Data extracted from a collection
lemma path_bundle_grows_or_switched_subgroup:
  fixes w :: "nat \<Rightarrow> nat \<Rightarrow> 'a::{finite, ab_group_add}"
  assumes paths: "path_bundle n P u p U"
    and U_card: "card U \<le> 2 * card (path_weight w ` P)"
    and not_all: "path_weight w ` P \<noteq> UNIV"
  shows "(\<exists>P' U' p'. path_bundle n P' u p' U' \<and> card U' \<le> 2 * card (path_weight w ` P') \<and>
       card (path_weight w ` P) < card (path_weight w ` P')) \<or>
    (\<exists>f V B. V \<subseteq> {..<n} \<and> n \<le> card V + 2 * card (UNIV :: 'a set) \<and>
       add_subgroup B \<and> B \<noteq> UNIV \<and> (\<forall>x\<in>V. \<forall>y\<in>V. x \<noteq> y \<longrightarrow> w x y + f x - f y \<in> B))"
    (is "?grows \<or> ?subgroup")
proof (rule disjCI)
  assume "\<not> ?subgroup"
  have proper: "stabilizer (path_weight w ` P) \<noteq> UNIV"
    using paths not_all by (intro stabilizer_neq_UNIV) (auto simp: path_bundle_def)
  have U_sub: "U \<subseteq> {..<n}" using paths by (simp add: path_bundle_def)
  then have "card ({..<n} - U) = n - card U"
    by (simp add: card_Diff_subset finite_subset)
  moreover have "card (path_weight w ` P) \<le> card (UNIV :: 'a set)" by (simp add: card_mono)
  ultimately have V_card: "n \<le> card ({..<n} - U) + 2 * card (UNIV :: 'a set)" using U_card by linarith
  have "\<not> (\<forall>x\<in>{..<n} - U. \<forall>y\<in>{..<n} - U.
      x \<noteq> y \<longrightarrow> w x y + w p x - w p y \<in> stabilizer (path_weight w ` P))"
  proof
    assume "\<forall>x\<in>{..<n} - U. \<forall>y\<in>{..<n} - U.
      x \<noteq> y \<longrightarrow> w x y + w p x - w p y \<in> stabilizer (path_weight w ` P)"
    then have ?subgroup
      using V_card add_subgroup_stabilizer proper
      by (intro exI[of _ "w p"] exI[of _ "{..<n} - U"] exI[of _ "stabilizer (path_weight w ` P)"])
        auto
    with \<open>\<not> ?subgroup\<close> show False ..
  qed
  then obtain x y where xy: "x \<in> {..<n} - U" "y \<in> {..<n} - U" "x \<noteq> y"
    and outside: "w x y + w p x - w p y \<notin> stabilizer (path_weight w ` P)"
    by blast
  have grows: "card (path_weight w ` P) < card (path_weight w ` extend_paths x y P)"
    using card_path_weight_extend_paths[OF paths, where w = w] outside
    by (simp add: algebra_simps)
  have "card (insert x (insert y U)) = card U + 2"
    using xy U_sub by (simp add: finite_subset)
  then show ?grows
    using path_bundle_extend_paths[OF paths xy] U_card grows
    by (intro exI[of _ "extend_paths x y P"] exI[of _ "insert x (insert y U)"]) fastforce
qed
(* Let $\Sigma$ be a set and let $1\le p<\infty$. Let $\rho$ be a separating quasi-metric on $\Sigma^*$ that is arbitrarily decomposable of order $p$. Suppose $f:\Sigma\to\mathbb{R}$ is strictly positive and $g:\Sigma\to\mathbb{R}$ is non-negative, and let $\bar f,\bar g$ be their canonical homomorphic extensions to $\Sigma^*$. Assume that for all $x,y\in\Sigma^*$, \[\bar f(x)-\bar f(y)\le\rho^p(x,y)\quad\text{and}\quad \bar g(y)-\bar g(x)\le\rho^p(x,y).\] Then the function $Q:\Sigma^*\times\Sigma^*\to\mathbb{R}$ defined by \[Q(x,y)=\min_{\tilde x\in\mathfrak{F}(x),\ \tilde y\in\mathfrak{F}(y)}\Big(\bar f(x)-\bar f(\tilde x)+\bar g(y)-\bar g(\tilde y)+\rho^p(\tilde x,\tilde y)\Big)^{1/p}\] is a quasi-metric on $\Sigma^*$.
   Context: $\Sigma^*$ is the free monoid on $\Sigma$ (finite words, concatenation, empty word $e$). A word $u$ is a factor of $v$ if $v=xuy$ for some $x,y\in\Sigma^*$; $\mathfrak{F}(v)$ denotes the set of factors of $v$. The canonical homomorphic extension of $f:\Sigma\to\mathbb{R}$ is $\bar f:\Sigma^*\to\mathbb{R}$ with $\bar f(e)=0$ and $\bar f(x_1\cdots x_n)=\sum_{i=1}^n f(x_i)$. A quasi-metric on $X$ is a map $q:X\times X\to\mathbb{R}_{\ge0}$ with $q(x,y)=q(y,x)=0\iff x=y$ and $q(x,z)\le q(x,y)+q(y,z)$; it is separating if $q(x,y)=0$ implies $x=y$. A function $\rho:\Sigma^*\times\Sigma^*\to\mathbb{R}$ is arbitrarily decomposable of order $p$ if for all $x,y\in\Sigma^*$: (i) for every $y'\in\mathfrak{F}(y)$ there exist $x',x_1^*,x_2^*\in\mathfrak{F}(x)$ with $x=x_1^*x'x_2^*$ and $y_1^*,y_2^*,u,v\in\mathfrak{F}(y)$ with $y=y_1^*uy'vy_2^*$ and $\rho(x,y)\ge(\rho^p(x_1^*,y_1^* )+\rho^p(x',y')+\rho^p(x_2^*,y_2^* ))^{1/p}$; and (ii) for every $x'\in\mathfrak{F}(x)$ there exist $y',y_1^*,y_2^*\in\mathfrak{F}(y)$ with $y=y_1^*y'y_2^*$ and $x_1^*,x_2^*,u,v\in\mathfrak{F}(x)$ with $x=x_1^*ux'vx_2^*$ and $\rho(x,y)\ge(\rho^p(x_1^*,y_1^* )+\rho^p(x',y')+\rho^p(x_2^*,y_2^* ))^{1/p}$. *)

theory Defs
  imports Complex_Main
begin

definition factors :: "'a list \<Rightarrow> 'a list set" where
  "factors v = {u. \<exists>x y. v = x @ u @ y}"

definition hom_ext :: "('a \<Rightarrow> real) \<Rightarrow> 'a list \<Rightarrow> real" where
  "hom_ext f w = sum_list (map f w)"

definition quasi_metric :: "('b \<Rightarrow> 'b \<Rightarrow> real) \<Rightarrow> bool" where
  "quasi_metric q \<longleftrightarrow>
     (\<forall>x y. q x y \<ge> 0) \<and>
     (\<forall>x y. (q x y = 0 \<and> q y x = 0) \<longleftrightarrow> x = y) \<and>
     (\<forall>x y z. q x z \<le> q x y + q y z)"

definition separating :: "('b \<Rightarrow> 'b \<Rightarrow> real) \<Rightarrow> bool" where
  "separating q \<longleftrightarrow> (\<forall>x y. q x y = 0 \<longrightarrow> x = y)"

definition arb_decomposable :: "('a list \<Rightarrow> 'a list \<Rightarrow> real) \<Rightarrow> real \<Rightarrow> bool" where
  "arb_decomposable \<rho> p \<longleftrightarrow>
    (\<forall>x y.
      (\<forall>y' \<in> factors y. \<exists>x' x1 x2. x' \<in> factors x \<and> x1 \<in> factors x \<and> x2 \<in> factors x \<and>
          x = x1 @ x' @ x2 \<and>
          (\<exists>y1 y2 u v. y1 \<in> factors y \<and> y2 \<in> factors y \<and> u \<in> factors y \<and> v \<in> factors y \<and>
             y = y1 @ u @ y' @ v @ y2 \<and>
             \<rho> x y \<ge> (\<rho> x1 y1 powr p + \<rho> x' y' powr p + \<rho> x2 y2 powr p) powr (1 / p))) \<and>
      (\<forall>x' \<in> factors x. \<exists>y' y1 y2. y' \<in> factors y \<and> y1 \<in> factors y \<and> y2 \<in> factors y \<and>
          y = y1 @ y' @ y2 \<and>
          (\<exists>x1 x2 u v. x1 \<in> factors x \<and> x2 \<in> factors x \<and> u \<in> factors x \<and> v \<in> factors x \<and>
             x = x1 @ u @ x' @ v @ x2 \<and>
             \<rho> x y \<ge> (\<rho> x1 y1 powr p + \<rho> x' y' powr p + \<rho> x2 y2 powr p) powr (1 / p))))"

definition Qfun :: "('a \<Rightarrow> real) \<Rightarrow> ('a \<Rightarrow> real) \<Rightarrow> ('a list \<Rightarrow> 'a list \<Rightarrow> real) \<Rightarrow> real
                    \<Rightarrow> 'a list \<Rightarrow> 'a list \<Rightarrow> real" where
  "Qfun f g \<rho> p x y =
     Min ((\<lambda>(xt, yt). (hom_ext f x - hom_ext f xt + hom_ext g y - hom_ext g yt + \<rho> xt yt powr p) powr (1 / p))
          ` (factors x \<times> factors y))"

end

theory Submission
  imports Defs "HOL-Analysis.Analysis"
begin

text \<open>
  For the triangle
  inequality take optimal pairs for (x,y) and (y,z): the two chosen factors of y overlap in a
  common factor w, and decomposability of \<rho> transports w to a factor x' of x and a factor z'
  of z. The Lipschitz-type hypotheses on f and g pay for the pieces discarded in these
  decompositions, \<rho>(x',z') \<le> \<rho>(x',w) + \<rho>(w,z') by the triangle inequality, and the excess
  (s+t)^p - s^p - t^p is monotone in s and t by convexity of u \<mapsto> u^p, so the total cost is
  at most (Q(x,y) + Q(y,z))^p. For separation, Q(x,y) = 0 forces the factor of x to carry
  the whole f-weight of x, hence to be x itself because f > 0, and then \<rho> separates.
\<close>

lemma convex_on_powr_nonneg:
  fixes p :: real
  assumes "1 \<le> p"
  shows "convex_on {0..} (\<lambda>x. x powr p)"
proof
  fix t x y :: real
  assume t: "0 < t" "t < 1" and xy: "x \<in> {0..}" "y \<in> {0..}" "x < y"
  show "((1 - t) *\<^sub>R x + t *\<^sub>R y) powr p \<le> (1 - t) * x powr p + t * y powr p"
  proof (cases "x = 0")
    case True
    have "t powr p \<le> t"
      using t assms by (metis less_imp_le powr_mono' powr_one)
    then show ?thesis
      using True xy by (simp add: powr_mult mult_right_mono)
  next
    case False
    then show ?thesis
      using convex_onD[OF powr_convex[OF assms]] t xy by simp
  qed
qed simp

lemma convex_on_increment_mono:
  fixes f :: "real \<Rightarrow> real"
  assumes "convex_on I f" "s \<in> I" "a + t \<in> I" "s \<le> a" "0 \<le> t"
  shows "f (s + t) + f a \<le> f s + f (a + t)"
proof (cases "a - s + t = 0")
  case True
  then have "a = s" "t = 0" using assms by linarith+
  then show ?thesis by simp
next
  case False
  \<comment> \<open>s + t and a are the convex combinations of s and a + t with swapped weights\<close>
  define l where "l = (a - s) / (a - s + t)"
  have l: "0 \<le> l" "l \<le> 1"
    using assms False by (auto simp: l_def divide_simps)
  have "s + t = (1 - l) *\<^sub>R (a + t) + l *\<^sub>R s" "a = (1 - l) *\<^sub>R s + l *\<^sub>R (a + t)"
    using False by (simp_all add: l_def scaleR_conv_of_real divide_simps) (simp_all add: algebra_simps)
  then have "f (s + t) \<le> (1 - l) * f (a + t) + l * f s" "f a \<le> (1 - l) * f s + l * f (a + t)"
    using convex_onD[OF assms(1) l] assms(2,3) by metis+
  then show ?thesis by (simp add: algebra_simps)
qed
text \<open>
  Write \<open>u = (x, \<alpha>, \<beta>)\<close> for vectors of \<open>\<real>\<^sup>d \<times> \<real> \<times> \<real>\<close>. The kernel of \<open>\<pi>\<^sub>t\<close> consists of the
  vectors \<open>k = (-(a \<nabla>P\<^sub>1(t) + b \<nabla>P\<^sub>2(t)), a, b)\<close>, and for such \<open>k\<close> one has
  \<open>k \<bullet> u = (a, b) \<bullet> \<delta>\<^sub>t(u)\<close> with the defect \<open>\<delta>\<^sub>t(u) = (\<alpha> - \<nabla>P\<^sub>1(t) \<bullet> x, \<beta> - \<nabla>P\<^sub>2(t) \<bullet> x)\<close>, which is
  affine in \<open>t\<close> because the gradients of quadratic forms are linear.

  If \<open>\<pi>\<^sub>t\<close> loses rank on \<open>V\<close>, some \<open>k \<noteq> 0\<close> as above lies in \<open>V\<close>; then \<open>(a, b) \<noteq> 0\<close> is orthogonal to
  \<open>\<delta>\<^sub>t(u)\<close> and \<open>\<delta>\<^sub>t(u')\<close> for all \<open>u, u' \<in> V\<^sup>\<bottom>\<close>, so the \<open>2 \<times> 2\<close> determinant of these two defects, a
  polynomial of degree at most two in \<open>t\<close>, vanishes. If the rank drops by two, the kernel meets \<open>V\<close>
  in a plane, which forces \<open>\<delta>\<^sub>t(u) = 0\<close>.

  It remains to see that these polynomials are not identically zero. If they were, then for every
  \<open>t\<close> the gradients \<open>\<nabla>P\<^sub>1(t), \<nabla>P\<^sub>2(t)\<close> would have a common null vector in the span of the first
  components of \<open>u, u'\<close>; completing these by \<open>d - 2\<close> independent vectors of their orthogonal
  complement gives matrices as in the nondegeneracy hypothesis with determinant identically zero.
  In (1) the complement \<open>V\<^sup>\<bottom>\<close> has dimension at least three, so it either contains \<open>u, u'\<close> with
  independent first components, or both \<open>(0, 1, 0)\<close> and \<open>(0, 0, 1)\<close>, whose defect determinant is \<open>1\<close>.
\<close>

section \<open>Linear algebra\<close>

lemma orth_proj_span_ex1:
  fixes S :: "'a::euclidean_space set"
  shows "\<exists>!y. y \<in> span S \<and> (\<forall>w\<in>span S. (x - y) \<bullet> w = 0)"
proof (rule ex_ex1I)
  obtain y z where "y \<in> span S" "\<And>w. w \<in> span S \<Longrightarrow> orthogonal z w" "x = y + z"
    using orthogonal_subspace_decomp_exists[of S x] by blast
  then show "\<exists>y. y \<in> span S \<and> (\<forall>w\<in>span S. (x - y) \<bullet> w = 0)"
    by (auto simp: orthogonal_def)
next
  fix y1 y2
  assume y1: "y1 \<in> span S \<and> (\<forall>w\<in>span S. (x - y1) \<bullet> w = 0)"
    and y2: "y2 \<in> span S \<and> (\<forall>w\<in>span S. (x - y2) \<bullet> w = 0)"
  then have "y1 - y2 \<in> span S" by (simp add: span_diff)
  with y1 y2 have "(x - y2) \<bullet> (y1 - y2) - (x - y1) \<bullet> (y1 - y2) = 0"
    by simp
  then have "(y1 - y2) \<bullet> (y1 - y2) = 0"
    by (simp add: inner_diff_left)
  then show "y1 = y2" by simp
qed
inductive step :: "trm \<Rightarrow> trm \<Rightarrow> bool" (infix "\<longmapsto>" 50) where
  S_Ctx: "ectx C \<Longrightarrow> e \<longmapsto> e' \<Longrightarrow> C e \<longmapsto> C e'"
| S_CtxBot: "ectx C \<Longrightarrow> e \<longmapsto> TBot \<Longrightarrow> C e \<longmapsto> TBot"
| S_BotArg: "ectx C \<Longrightarrow> C TBot \<longmapsto> TBot"
| S_Beta: "\<forall>v\<in>set vs. is_val v \<Longrightarrow> length vs = n \<Longrightarrow> TApp (TLam n e) vs \<longmapsto> subst e 0 vs"
| S_Let: "is_val v \<Longrightarrow> TLet v e \<longmapsto> subst e 0 [v]"
| S_Fst: "is_val v0 \<Longrightarrow> is_val v1 \<Longrightarrow>
            TApp (TConst CFst) [TApp (TConst CPair) [v0, v1]] \<longmapsto> v0"
| S_Snd: "is_val v0 \<Longrightarrow> is_val v1 \<Longrightarrow>
            TApp (TConst CSnd) [TApp (TConst CPair) [v0, v1]] \<longmapsto> v1"
| S_IfT: "TIf TTrue e1 e2 \<longmapsto> e1"
| S_IfF: "TIf TFalse e1 e2 \<longmapsto> e2"
| S_Op1: "is_val v \<Longrightarrow> TOp1 opr v \<longmapsto> (case op1_sem opr v of Some w \<Rightarrow> w | None \<Rightarrow> TBot)"
| S_Op2: "is_val v0 \<Longrightarrow> is_val v1 \<Longrightarrow>
            TOp2 opr v0 v1 \<longmapsto> (case op2_sem opr v0 v1 of Some w \<Rightarrow> w | None \<Rightarrow> TBot)"
| S_Get: "\<forall>v\<in>set vs. is_val v \<Longrightarrow> 0 \<le> i \<Longrightarrow> i < int (length vs) \<Longrightarrow>
            TApp (TConst CGet) [TArr vs, TIdx i] \<longmapsto> vs ! nat i"
| S_Length: "\<forall>v\<in>set vs. is_val v \<Longrightarrow>
            TApp (TConst CLength) [TArr vs] \<longmapsto> TIdx (int (length vs))"
| S_Build: "TApp (TConst CBuild) [TIdx n, TLam 1 e] \<longmapsto>
            TArr (map (\<lambda>j. subst e 0 [TIdx (int j)]) [0..<nat n])"
| S_Ifold0: "is_val f \<Longrightarrow> is_val v0 \<Longrightarrow> TApp (TConst CIfold) [f, v0, TIdx 0] \<longmapsto> v0"
| S_IfoldS: "is_val f \<Longrightarrow> is_val v0 \<Longrightarrow> 0 \<le> i \<Longrightarrow>
            TApp (TConst CIfold) [f, v0, TIdx (i + 1)] \<longmapsto>
            TApp f [TApp (TConst CIfold) [f, v0, TIdx i], TIdx i]"

end

theory Submission
  imports Defs
begin

text \<open>A congruence step is a replacement
  inside a one-frame evaluation context, which preserves the type of the hole. The
  \<open>\<beta>\<close>- and let-rules need the substitution lemma, which in de Bruijn form rests on
  weakening under \<open>lift\<close>. A primitive operator applied to values of its argument types
  meets literals by canonical forms, and its result (or \<open>\<bottom>\<close> outside the domain, which
  has every type) has the result type. The remaining rules of the constants follow by
  inverting their type schemes.\<close>

inductive_cases typing_AppE: "\<Gamma> \<turnstile> TApp f es : A"
inductive_cases typing_LamE: "\<Gamma> \<turnstile> TLam n e : A"
inductive_cases typing_LetE: "\<Gamma> \<turnstile> TLet e1 e2 : A"
inductive_cases typing_IfE: "\<Gamma> \<turnstile> TIf e1 e2 e3 : A"
inductive_cases typing_ArrE: "\<Gamma> \<turnstile> TArr es : A"
inductive_cases typing_Op1E: "\<Gamma> \<turnstile> TOp1 opr e : A"
inductive_cases typing_Op2E: "\<Gamma> \<turnstile> TOp2 opr e1 e2 : A"
inductive_cases typing_ConstE: "\<Gamma> \<turnstile> TConst c : A"
inductive_cases typing_RealE: "\<Gamma> \<turnstile> TReal r : A"
inductive_cases typing_IdxE: "\<Gamma> \<turnstile> TIdx i : A"
inductive_cases typing_TrueE: "\<Gamma> \<turnstile> TTrue : A"
inductive_cases typing_FalseE: "\<Gamma> \<turnstile> TFalse : A"

lemma typing_VarI: "k < length \<Gamma> \<Longrightarrow> \<Gamma> ! k = A \<Longrightarrow> \<Gamma> \<turnstile> TVar k : A"
  using typing.T_Var by blast

lemma typing_lift:
  assumes "\<Delta> @ \<Gamma> \<turnstile> e : A"
  shows "\<Delta> @ \<Theta> @ \<Gamma> \<turnstile> lift (length \<Delta>) (length \<Theta>) e : A"
  using assms
proof (induction "\<Delta> @ \<Gamma>" e A arbitrary: \<Delta> rule: typing.induct)
  case (T_Var k)
  then show ?case
    by (auto simp: nth_append intro!: typing_VarI)
next
  case (T_App e0 T Ts M es)
  then show ?case
    by (auto intro!: typing.T_App simp: list_all2_map1 elim!: list_all2_mono)
next
  case (T_Abs T Ts e M n)
  then show ?case
    using T_Abs.hyps(2)[of "(T # Ts) @ \<Delta>"] by (auto intro!: typing.T_Abs simp: add.commute)
next
  case (T_Let e1 T1 e2 T2)
  then show ?case
    using T_Let.hyps(4)[of "T1 # \<Delta>"] by (auto intro!: typing.T_Let)
next
  case (T_Arr es M)
  then show ?case by (auto intro!: typing.T_Arr)
qed (auto intro: typing.intros)

corollary typing_lift0: "\<Gamma> \<turnstile> e : A \<Longrightarrow> \<Theta> @ \<Gamma> \<turnstile> lift 0 (length \<Theta>) e : A"
  using typing_lift[of "[]"] by simp

lemma typing_subst_Var:
  assumes "k < length (\<Delta> @ Us @ \<Gamma>)" and vs: "list_all2 (typing \<Gamma>) vs Us"
  shows "\<Delta> @ \<Gamma> \<turnstile> subst (TVar k) (length \<Delta>) vs : (\<Delta> @ Us @ \<Gamma>) ! k"
proof -
  have len: "length vs = length Us"
    using vs by (rule list_all2_lengthD)
  consider "k < length \<Delta>" | "length \<Delta> \<le> k" "k < length \<Delta> + length Us"
    | "length \<Delta> + length Us \<le> k"
    by linarith
  then show ?thesis
  proof cases
    case 1
    then show ?thesis by (auto simp: nth_append intro!: typing_VarI)
  next
    case 2
    then have "\<Gamma> \<turnstile> vs ! (k - length \<Delta>) : Us ! (k - length \<Delta>)"
      using vs by (auto simp: list_all2_conv_all_nth)
    from typing_lift0[OF this, of \<Delta>] show ?thesis
      using 2 len by (auto simp: nth_append)
  next
    case 3
    then show ?thesis
      using assms len by (auto simp: nth_append add.commute intro!: typing_VarI)
  qed
qed

lemma typing_subst:
  assumes "\<Delta> @ Us @ \<Gamma> \<turnstile> e : A" and "list_all2 (typing \<Gamma>) vs Us"
  shows "\<Delta> @ \<Gamma> \<turnstile> subst e (length \<Delta>) vs : A"
  using assms
proof (induction "\<Delta> @ Us @ \<Gamma>" e A arbitrary: \<Delta> rule: typing.induct)
  case (T_Var k)
  then show ?case by (simp only: typing_subst_Var)
next
  case (T_App e0 T Ts M es)
  then show ?case
    by (auto intro!: typing.T_App simp: list_all2_map1 elim!: list_all2_mono)
next
  case (T_Abs T Ts e M n)
  then show ?case
    using T_Abs.hyps(2)[of "(T # Ts) @ \<Delta>"] by (auto intro!: typing.T_Abs simp: add.commute)
next
  case (T_Let e1 T1 e2 T2)
  then show ?case
    using T_Let.hyps(4)[of "T1 # \<Delta>"] by (auto intro!: typing.T_Let)
next
  case (T_Arr es M)
  then show ?case by (auto intro!: typing.T_Arr)
qed (auto intro: typing.intros)

corollary typing_subst0:
  "Us @ \<Gamma> \<turnstile> e : A \<Longrightarrow> list_all2 (typing \<Gamma>) vs Us \<Longrightarrow> \<Gamma> \<turnstile> subst e 0 vs : A"
  using typing_subst[of "[]"] by simp

lemma list_all2_append_Cons_replace:
  assumes "list_all2 P (xs @ x # zs) ys" and "\<And>y. P x y \<Longrightarrow> P x' y"
  shows "list_all2 P (xs @ x' # zs) ys"
proof -
  obtain us y vs where "ys = us @ y # vs" "list_all2 P xs us" "P x y" "list_all2 P zs vs"
    using assms(1) by (auto simp: list_all2_append1 list_all2_Cons1)
  then show ?thesis
    using assms(2) by (auto intro!: list_all2_appendI)
qed

lemma typing_ectx_replace:
  assumes "ectx C" and "\<Gamma> \<turnstile> C e : A" and "\<And>T. \<Gamma> \<turnstile> e : T \<Longrightarrow> \<Gamma> \<turnstile> e' : T"
  shows "\<Gamma> \<turnstile> C e' : A"
  using assms
proof (induction rule: ectx.induct)
  case (1 es)
  from 1(1) show ?case
    by (rule typing_AppE) (auto intro!: typing.T_App 1(2))
next
  case (2 f vs es)
  from 2(3) obtain T Ts M where "A = Ground M" and "\<Gamma> \<turnstile> f : Arrow T Ts M"
    and "list_all2 (typing \<Gamma>) (vs @ e # es) (T # Ts)"
    by (rule typing_AppE) blast
  moreover from this(3) 2(4) have "list_all2 (typing \<Gamma>) (vs @ e' # es) (T # Ts)"
    by (rule list_all2_append_Cons_replace)
  ultimately show ?case
    by (simp add: typing.T_App)
next
  case (3 opr)
  from 3(1) show ?case
    by (rule typing_Op1E) (auto intro!: typing.T_Op1 3(2))
next
  case (4 opr e2)
  from 4(1) show ?case
    by (rule typing_Op2E) (auto intro!: typing.T_Op2 4(2))
next
  case (5 v opr)
  from 5(2) show ?case
    by (rule typing_Op2E) (auto intro!: typing.T_Op2 5(3))
next
  case (6 e2)
  from 6(1) show ?case
    by (rule typing_LetE) (auto intro!: typing.T_Let 6(2))
next
  case (7 e1 e2)
  from 7(1) show ?case
    by (rule typing_IfE) (auto intro!: typing.T_If 7(2))
next
  case (8 vs es)
  from 8(2) show ?case
    by (rule typing_ArrE) (auto intro!: typing.T_Arr 8(3))
qed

▶ **Work request**:
Each line, beginning at the one that contains "case (5 v opr)" and continuing through the end of the records, must be written out exactly, first and last included.

▶ **Result below**:
  case (5 v opr)
  from 5(2) show ?case
    by (rule typing_Op2E) (auto intro!: typing.T_Op2 5(3))
next
  case (6 e2)
  from 6(1) show ?case
    by (rule typing_LetE) (auto intro!: typing.T_Let 6(2))
next
  case (7 e1 e2)
  from 7(1) show ?case
    by (rule typing_IfE) (auto intro!: typing.T_If 7(2))
next
  case (8 vs es)
  from 8(2) show ?case
    by (rule typing_ArrE) (auto intro!: typing.T_Arr 8(3))
qed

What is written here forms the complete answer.